Stored data entries |
☆ ☆ ☆ ☆ ☆

lemma fourier_eq_sum:
  assumes "supported_in R f"
  shows "fourier f \<xi> = (\<Sum>x\<in>{-R..R}. f x * cis (- (of_int x * \<xi>)))"
  unfolding fourier_def by (rule infsum_int_interval) (use supported_inD[OF assms] in auto)

lemma fourier_zero: "fourier f 0 = (\<Sum>\<^sub>\<infinity>x. f x)"
  unfolding fourier_def by simp

lemma fourier_periodic: "fourier f (\<xi> + 2 * pi * of_int n) = fourier f \<xi>"
  unfolding fourier_def
proof (intro infsum_cong)
  fix x :: int
  have "cis (- (of_int x * (\<xi> + 2 * pi * of_int n)))
      = cis (- (of_int x * \<xi>)) * cis (2 * pi * of_int (- x * n))"
    unfolding cis_mult by (simp add: algebra_simps)
  also have "cis (2 * pi * of_int (- x * n)) = 1" by (rule cis_multiple_2pi) simp
  finally show "f x * cis (- (of_int x * (\<xi> + 2 * pi * of_int n))) = f x * cis (- (of_int x * \<xi>))"
    by simp
qed

lemma fourier_translate: "fourier (\<lambda>x. f (x - y)) \<xi> = cis (- (of_int y * \<xi>)) * fourier f \<xi>"
proof -
  have "fourier (\<lambda>x. f (x - y)) \<xi> = (\<Sum>\<^sub>\<infinity>x. f (x + y - y) * cis (- (of_int (x + y) * \<xi>)))"
    unfolding fourier_def by (rule infsum_reindex_bij_betw[OF bij_betw_int_translate, symmetric])
  also have "\<dots> = (\<Sum>\<^sub>\<infinity>x. cis (- (of_int y * \<xi>)) * (f x * cis (- (of_int x * \<xi>))))"
    by (intro infsum_cong) (simp add: cis_mult algebra_simps)
  also have "\<dots> = cis (- (of_int y * \<xi>)) * fourier f \<xi>"
    unfolding fourier_def by (rule infsum_cmult_right')
  finally show ?thesis .
qed

lemma fourier_sum:
  assumes "\<And>k. k \<in> A \<Longrightarrow> supported_in R (F k)"
  shows "fourier (\<lambda>x. \<Sum>k\<in>A. F k x) \<xi> = (\<Sum>k\<in>A. fourier (F k) \<xi>)"
proof -
  have "fourier (\<lambda>x. \<Sum>k\<in>A. F k x) \<xi> = (\<Sum>x\<in>{-R..R}. (\<Sum>k\<in>A. F k x) * cis (- (of_int x * \<xi>)))"
    by (rule fourier_eq_sum[OF supported_in_sum[OF assms]])
  also have "\<dots> = (\<Sum>k\<in>A. \<Sum>x\<in>{-R..R}. F k x * cis (- (of_int x * \<xi>)))"
    unfolding sum_distrib_right by (rule sum.swap)
  also have "\<dots> = (\<Sum>k\<in>A. fourier (F k) \<xi>)"
    by (intro sum.cong refl fourier_eq_sum[symmetric] assms)
  finally show ?thesis .
qed

lemma fourier_diff_translate:
  assumes "supported_in R f"
  shows "fourier (\<lambda>x. f (x + h) - f x) \<xi> = (cis (of_int h * \<xi>) - 1) * fourier f \<xi>"
proof -
  have R: "supported_in (R + \<bar>h\<bar>) f" by (rule supported_in_mono[OF assms]) simp
  have Rh: "supported_in (R + \<bar>h\<bar>) (\<lambda>x. f (x - - h))"
    using assms unfolding supported_in_def by force
  have "fourier (\<lambda>x. f (x + h) - f x) \<xi> = fourier (\<lambda>x. f (x - - h)) \<xi> - fourier f \<xi>"
    unfolding fourier_eq_sum[OF supported_in_diff_translate[OF assms]] fourier_eq_sum[OF R]
      fourier_eq_sum[OF Rh] by (simp add: sum_subtractf algebra_simps)
  then show ?thesis unfolding fourier_translate by (simp add: algebra_simps)
qed

lemma fourier_conv:
  assumes "supported_in R1 f" "supported_in R2 g"
  shows "fourier (conv f g) \<xi> = fourier f \<xi> * fourier g \<xi>"
proof -
  let ?W = "{-(R1 + R2)..R1 + R2}"
  have translate: "(\<Sum>z\<in>?W. g (z - y) * cis (- (of_int z * \<xi>))) = cis (- (of_int y * \<xi>)) * fourier g \<xi>"
    if "y \<in> {-R1..R1}" for y
  proof -
    have "supported_in (R1 + R2) (\<lambda>z. g (z - y))"
      using assms(2) that unfolding supported_in_def by force
    then show ?thesis using fourier_eq_sum fourier_translate by metis
  qed
  have "fourier (conv f g) \<xi> = (\<Sum>z\<in>?W. \<Sum>y\<in>{-R1..R1}. f y * (g (z - y) * cis (- (of_int z * \<xi>))))"
    unfolding fourier_eq_sum[OF supported_in_conv[OF assms(1,2)]] conv_eq_sum[OF assms(1)]
    by (simp add: sum_distrib_right mult.assoc)
  also have "\<dots> = (\<Sum>y\<in>{-R1..R1}. f y * (\<Sum>z\<in>?W. g (z - y) * cis (- (of_int z * \<xi>))))"
    by (subst sum.swap) (simp add: sum_distrib_left)
  also have "\<dots> = (\<Sum>y\<in>{-R1..R1}. f y * (cis (- (of_int y * \<xi>)) * fourier g \<xi>))"
    by (intro sum.cong refl arg_cong2[where f="(*)"] translate)
  also have "\<dots> = fourier f \<xi> * fourier g \<xi>"
    unfolding fourier_eq_sum[OF assms(1)] by (simp add: sum_distrib_right mult.assoc)
  finally show ?thesis .
qed

lemma sum_roots_of_unity:
  fixes d :: int and N :: nat
  assumes "\<bar>d\<bar> < int N"
  shows "(\<Sum>m<N. cis (2 * pi * real m * of_int d / real N)) = (if d = 0 then of_nat N else 0)"
proof (cases "d = 0")
  case False
  have N: "N > 0" using assms by linarith
  define w where "w = cis (2 * pi * of_int d / real N)"
  have pw: "cis (2 * pi * real m * of_int d / real N) = w ^ m" for m
    unfolding w_def Complex.DeMoivre by (simp add: algebra_simps)
  have "w ^ N = cis (2 * pi * of_int d)" unfolding w_def Complex.DeMoivre using N by simp
  also have "\<dots> = 1" by (rule cis_multiple_2pi) simp
  finally have wN: "w ^ N = 1" .
  have "w \<noteq> 1"
  proof
    assume "w = 1"
    then have "cos (2 * pi * of_int d / real N) = 1" unfolding w_def
      by (metis cis.sel(1) one_complex.sel(1))
    then obtain k :: int where "2 * pi * of_int d / real N = real_of_int k * 2 * pi"
      using cos_one_2pi_int by blast
    then have "real_of_int d = real_of_int k * real N" using N by (simp add: field_simps)
    then have "d = k * int N" by (metis of_int_eq_iff of_int_mult of_int_of_nat_eq)
    then show False using assms False
      by (cases "k = 0") (auto simp: abs_mult dest!: mult_le_cancel_right1[THEN iffD1, rotated])
  qed
  then show ?thesis using False wN by (simp add: pw sum_gp_strict)
qed simp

☆ ☆ ☆ ☆ ☆

EXERCISE DESCRIPTION |
Reproduce each entry above exactly, keeping every character.

SOLUTION TO THIS TASK |
lemma fourier_eq_sum:
  assumes "supported_in R f"
  shows "fourier f \<xi> = (\<Sum>x\<in>{-R..R}. f x * cis (- (of_int x * \<xi>)))"
  unfolding fourier_def by (rule infsum_int_interval) (use supported_inD[OF assms] in auto)

lemma fourier_zero: "fourier f 0 = (\<Sum>\<^sub>\<infinity>x. f x)"
  unfolding fourier_def by simp

lemma fourier_periodic: "fourier f (\<xi> + 2 * pi * of_int n) = fourier f \<xi>"
  unfolding fourier_def
proof (intro infsum_cong)
  fix x :: int
  have "cis (- (of_int x * (\<xi> + 2 * pi * of_int n)))
      = cis (- (of_int x * \<xi>)) * cis (2 * pi * of_int (- x * n))"
    unfolding cis_mult by (simp add: algebra_simps)
  also have "cis (2 * pi * of_int (- x * n)) = 1" by (rule cis_multiple_2pi) simp
  finally show "f x * cis (- (of_int x * (\<xi> + 2 * pi * of_int n))) = f x * cis (- (of_int x * \<xi>))"
    by simp
qed

lemma fourier_translate: "fourier (\<lambda>x. f (x - y)) \<xi> = cis (- (of_int y * \<xi>)) * fourier f \<xi>"
proof -
  have "fourier (\<lambda>x. f (x - y)) \<xi> = (\<Sum>\<^sub>\<infinity>x. f (x + y - y) * cis (- (of_int (x + y) * \<xi>)))"
    unfolding fourier_def by (rule infsum_reindex_bij_betw[OF bij_betw_int_translate, symmetric])
  also have "\<dots> = (\<Sum>\<^sub>\<infinity>x. cis (- (of_int y * \<xi>)) * (f x * cis (- (of_int x * \<xi>))))"
    by (intro infsum_cong) (simp add: cis_mult algebra_simps)
  also have "\<dots> = cis (- (of_int y * \<xi>)) * fourier f \<xi>"
    unfolding fourier_def by (rule infsum_cmult_right')
  finally show ?thesis .
qed

lemma fourier_sum:
  assumes "\<And>k. k \<in> A \<Longrightarrow> supported_in R (F k)"
  shows "fourier (\<lambda>x. \<Sum>k\<in>A. F k x) \<xi> = (\<Sum>k\<in>A. fourier (F k) \<xi>)"
proof -
  have "fourier (\<lambda>x. \<Sum>k\<in>A. F k x) \<xi> = (\<Sum>x\<in>{-R..R}. (\<Sum>k\<in>A. F k x) * cis (- (of_int x * \<xi>)))"
    by (rule fourier_eq_sum[OF supported_in_sum[OF assms]])
  also have "\<dots> = (\<Sum>k\<in>A. \<Sum>x\<in>{-R..R}. F k x * cis (- (of_int x * \<xi>)))"
    unfolding sum_distrib_right by (rule sum.swap)
  also have "\<dots> = (\<Sum>k\<in>A. fourier (F k) \<xi>)"
    by (intro sum.cong refl fourier_eq_sum[symmetric] assms)
  finally show ?thesis .
qed

lemma fourier_diff_translate:
  assumes "supported_in R f"
  shows "fourier (\<lambda>x. f (x + h) - f x) \<xi> = (cis (of_int h * \<xi>) - 1) * fourier f \<xi>"
proof -
  have R: "supported_in (R + \<bar>h\<bar>) f" by (rule supported_in_mono[OF assms]) simp
  have Rh: "supported_in (R + \<bar>h\<bar>) (\<lambda>x. f (x - - h))"
    using assms unfolding supported_in_def by force
  have "fourier (\<lambda>x. f (x + h) - f x) \<xi> = fourier (\<lambda>x. f (x - - h)) \<xi> - fourier f \<xi>"
    unfolding fourier_eq_sum[OF supported_in_diff_translate[OF assms]] fourier_eq_sum[OF R]
      fourier_eq_sum[OF Rh] by (simp add: sum_subtractf algebra_simps)
  then show ?thesis unfolding fourier_translate by (simp add: algebra_simps)
qed

lemma fourier_conv:
  assumes "supported_in R1 f" "supported_in R2 g"
  shows "fourier (conv f g) \<xi> = fourier f \<xi> * fourier g \<xi>"
proof -
  let ?W = "{-(R1 + R2)..R1 + R2}"
  have translate: "(\<Sum>z\<in>?W. g (z - y) * cis (- (of_int z * \<xi>))) = cis (- (of_int y * \<xi>)) * fourier g \<xi>"
    if "y \<in> {-R1..R1}" for y
  proof -
    have "supported_in (R1 + R2) (\<lambda>z. g (z - y))"
      using assms(2) that unfolding supported_in_def by force
    then show ?thesis using fourier_eq_sum fourier_translate by metis
  qed
  have "fourier (conv f g) \<xi> = (\<Sum>z\<in>?W. \<Sum>y\<in>{-R1..R1}. f y * (g (z - y) * cis (- (of_int z * \<xi>))))"
    unfolding fourier_eq_sum[OF supported_in_conv[OF assms(1,2)]] conv_eq_sum[OF assms(1)]
    by (simp add: sum_distrib_right mult.assoc)
  also have "\<dots> = (\<Sum>y\<in>{-R1..R1}. f y * (\<Sum>z\<in>?W. g (z - y) * cis (- (of_int z * \<xi>))))"
    by (subst sum.swap) (simp add: sum_distrib_left)
  also have "\<dots> = (\<Sum>y\<in>{-R1..R1}. f y * (cis (- (of_int y * \<xi>)) * fourier g \<xi>))"
    by (intro sum.cong refl arg_cong2[where f="(*)"] translate)
  also have "\<dots> = fourier f \<xi> * fourier g \<xi>"
    unfolding fourier_eq_sum[OF assms(1)] by (simp add: sum_distrib_right mult.assoc)
  finally show ?thesis .
qed

lemma sum_roots_of_unity:
  fixes d :: int and N :: nat
  assumes "\<bar>d\<bar> < int N"
  shows "(\<Sum>m<N. cis (2 * pi * real m * of_int d / real N)) = (if d = 0 then of_nat N else 0)"
proof (cases "d = 0")
  case False
  have N: "N > 0" using assms by linarith
  define w where "w = cis (2 * pi * of_int d / real N)"
  have pw: "cis (2 * pi * real m * of_int d / real N) = w ^ m" for m
    unfolding w_def Complex.DeMoivre by (simp add: algebra_simps)
  have "w ^ N = cis (2 * pi * of_int d)" unfolding w_def Complex.DeMoivre using N by simp
  also have "\<dots> = 1" by (rule cis_multiple_2pi) simp
  finally have wN: "w ^ N = 1" .
  have "w \<noteq> 1"
  proof
    assume "w = 1"
    then have "cos (2 * pi * of_int d / real N) = 1" unfolding w_def
      by (metis cis.sel(1) one_complex.sel(1))
    then obtain k :: int where "2 * pi * of_int d / real N = real_of_int k * 2 * pi"
      using cos_one_2pi_int by blast
    then have "real_of_int d = real_of_int k * real N" using N by (simp add: field_simps)
    then have "d = k * int N" by (metis of_int_eq_iff of_int_mult of_int_of_nat_eq)
    then show False using assms False
      by (cases "k = 0") (auto simp: abs_mult dest!: mult_le_cancel_right1[THEN iffD1, rotated])
  qed
  then show ?thesis using False wN by (simp add: pw sum_gp_strict)
qed simp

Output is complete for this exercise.